Not much, the market said through much of August. Shares of the world's biggest art auction house tumbled more than 25% in the first three weeks of August. That was fueled partly by comments that one-time corporate-raider-turned-art-dealer Asher Edelman made to Bloomberg about cash-pressed clients who wanted to dump some art cheap.

Shares have bounced back some but are still way off their April highs. In a nutshell, worries about Europe and the market have some convinced that sellers of toys for rich folks can't be in good shape. The evidence -- both macro and micro -- suggests that such fears are overblown.

First, the history of the art market says that it doesn't move in tandem with the stock market or even the economy. In a 2002 paper by New York University's Michael Moses and Jianping Mei, the authors reviewed more than 100 years of art sales by major auctioneers and found that art beats bonds, underperforms stocks, is less volatile, and has low correlation with other markets. To use a recent example, art prices rose in 2008 when the market was collapsing and dropped in 2009 as Wall Street began to take off again. So the ripples on Wall Street or in European markets don't matter much -- at least for now.

Second, the art market has been holding up pretty well. After their paper, Mei and Moses created what has become the art world's leading index to art prices. The Mei Moses All Art Index was up 5.4% in July, its most recent reading because the auction market virtually shuts down in August (they're a civilized bunch, you know). That's less than it was up earlier in the year, but still, black ink is black ink.

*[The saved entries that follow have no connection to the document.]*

lemma cantor_coding_Stream: "cantor_coding (b ## w) = Sd (digit b) (cantor_coding w)"
proof -
  let ?f = "\<lambda>i. real (digit ((b ## w) !! i)) / 3 ^ Suc i"
  have "(\<Sum>n. ?f (Suc n)) = cantor_coding w / 3"
    unfolding cantor_coding_def
    by (subst suminf_divide[symmetric, OF summable_cantor_coding]) (simp add: field_simps)
  then have "suminf ?f = real (digit b) / 3 + cantor_coding w / 3"
    using suminf_split_head[OF summable_cantor_coding[of "b ## w"]] by simp
  then show ?thesis
    by (simp add: cantor_coding_def Sd_def add_divide_distrib)
qed

text \<open>A stream value \<^term>\<open>True\<close> stands for the digit 2, which has weight \<open>1 - p\<close>.\<close>
definition bernoulli_streams :: "real \<Rightarrow> bool stream measure" where
  "bernoulli_streams p = stream_space (measure_pmf (bernoulli_pmf (1 - p)))"

definition coding_distr :: "real \<Rightarrow> real measure" where
  "coding_distr p = distr (bernoulli_streams p) unit_borel cantor_coding"

lemma cantor_coding_measurable [measurable]:
  "cantor_coding \<in> measurable (bernoulli_streams p) unit_borel"
proof (rule measurable_restrict_space2)
  show "cantor_coding \<in> borel_measurable (bernoulli_streams p)"
    unfolding bernoulli_streams_def cantor_coding_def by measurable
qed (use cantor_coding_in_unit in auto)

lemma prob_space_bernoulli_streams: "prob_space (bernoulli_streams p)"
  unfolding bernoulli_streams_def
  by (rule prob_space.prob_space_stream_space) (rule prob_space_measure_pmf)

lemma emeasure_coding_distr:
  "A \<in> sets unit_borel \<Longrightarrow>
     emeasure (coding_distr p) A = (\<integral>\<^sup>+w. indicator A (cantor_coding w) \<partial>bernoulli_streams p)"
proof -
  assume A: "A \<in> sets unit_borel"
  then have "emeasure (coding_distr p) A = (\<integral>\<^sup>+y. indicator A y \<partial>coding_distr p)"
    by (simp add: coding_distr_def)
  also have "\<dots> = (\<integral>\<^sup>+w. indicator A (cantor_coding w) \<partial>bernoulli_streams p)"
    unfolding coding_distr_def using A by (subst nn_integral_distr) auto
  finally show ?thesis .
qed

lemma is_mu_coding_distr:
  assumes p: "0 < p" "p < 1"
  shows "is_mu p (coding_distr p)"
  unfolding is_mu_def
proof (intro conjI ballI)
  show "prob_space (coding_distr p)"
    unfolding coding_distr_def by (intro prob_space.prob_space_distr prob_space_bernoulli_streams) simp
  show "space (coding_distr p) = {0..1}" "sets (coding_distr p) = sets unit_borel"
    by (simp_all add: coding_distr_def space_restrict_space)
  fix A assume "A \<in> sets (coding_distr p)"
  then have A: "A \<in> sets unit_borel"
    by (simp add: coding_distr_def)
  have ind: "indicator A (Sd d (cantor_coding w)) =
      (indicator (Sd d -` A \<inter> {0..1}) (cantor_coding w) :: ennreal)" for d w
    using cantor_coding_in_unit[of w] by (auto split: split_indicator)
  have "emeasure (coding_distr p) A = (\<integral>\<^sup>+w. indicator A (cantor_coding w) \<partial>bernoulli_streams p)"
    by (rule emeasure_coding_distr[OF A])
  also have "\<dots> = (\<integral>\<^sup>+b. (\<integral>\<^sup>+w. indicator A (cantor_coding (b ## w)) \<partial>bernoulli_streams p)
                      \<partial>measure_pmf (bernoulli_pmf (1 - p)))"
    unfolding bernoulli_streams_def
    by (rule prob_space.nn_integral_stream_space[OF prob_space_measure_pmf])
       (use A cantor_coding_measurable[unfolded bernoulli_streams_def] in measurable)
  also have "\<dots> = (\<integral>\<^sup>+b. emeasure (coding_distr p) (Sd (digit b) -` A \<inter> {0..1})
                      \<partial>measure_pmf (bernoulli_pmf (1 - p)))"
    by (intro nn_integral_cong)
       (simp add: cantor_coding_Stream ind emeasure_coding_distr[OF Sd_vimage_in_unit_borel[OF A]])
  also have "\<dots> = ennreal p * emeasure (coding_distr p) (Sd 0 -` A \<inter> {0..1})
                 + ennreal (1 - p) * emeasure (coding_distr p) (Sd 2 -` A \<inter> {0..1})"
    using p by (simp add: digit_def mult.commute add.commute)
  finally show "emeasure (coding_distr p) A = ennreal p * emeasure (coding_distr p) (Sd 0 -` A \<inter> {0..1})
                 + ennreal (1 - p) * emeasure (coding_distr p) (Sd 2 -` A \<inter> {0..1})" .
qed

lemma is_mu_measure_eq:
  assumes M: "is_mu p M" and p: "0 < p" "p < 1" and A: "A \<in> sets unit_borel"
  shows "measure M A = p * measure M (Sd 0 -` A \<inter> {0..1}) + (1 - p) * measure M (Sd 2 -` A \<inter> {0..1})"
proof -
  interpret prob_space M
    using M by (simp add: is_mu_def)
  have "emeasure M A = ennreal p * emeasure M (Sd 0 -` A \<inter> {0..1})
                       + ennreal (1 - p) * emeasure M (Sd 2 -` A \<inter> {0..1})"
    using M A by (simp add: is_mu_def)
  then have "ennreal (measure M A) = ennreal (p * measure M (Sd 0 -` A \<inter> {0..1})
                                         + (1 - p) * measure M (Sd 2 -` A \<inter> {0..1}))"
    using p by (simp add: emeasure_eq_measure ennreal_mult ennreal_plus[symmetric])
  then show ?thesis
    using p by (subst (asm) ennreal_inj) auto
qed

Third, while the fall auction season is still shaping up, the early signs are good. Every analyst who follows Sotheby's raised forecasts after second-quarter earnings, even as shares tumbled. The company's stock price is down to 12 times this year's earnings, from more than 20 in the spring. Closely held rival Christie's has the auction of Elizabeth Taylor's estate coming up, and Sotheby's is having a garage sale one can hardly imagine for Edmond Safra. Sellers seem to think conditions are OK.

Fourth, there aren't a lot of other good ways to bet on the art market if you're not a millionaire. There are a handful of art funds that sell shares in collections assembled by portfolio managers, but Reuters' Felix Salmon has dispatched the rationale for those funds better than I could, and saved me the work. Short version: The underlying assets are hopelessly illiquid. Skate's Art Market Research has a 14-stock art industry index, but Sotheby's is two-thirds of the total value of the group. Alternatives like Germany-based Artnet or Switzerland's MCH Group are small and volatile.

Fifth, and most important, Sotheby's client base is more insulated than almost anyone from a double-dip recession. The company simply doesn't rely on the general U.S. consumer the way most retailers do -- it's more analogous to a Tiffany (NYSE: TIF), which has gone from $43 to $70 in the past year. Even fellow auctioneer eBay (Nasdaq: EBAY), which once carried a "recession-proof" tag, is no longer immune.

It's not exactly news that income inequality is accelerating in the U.S., with rich consumers continuing to spend on luxury goods and Sotheby's and Christie's agreeing that Asia is generating a new class of serious collectors. May we all agree that La Liz's jewels qualify as luxury goods? Yes, if the economy tanks hard enough, for long enough, Sotheby's could take another dip. But it's smarter to bet on the business version of Wallis Simpson's maxim that you can't be too rich or too thin.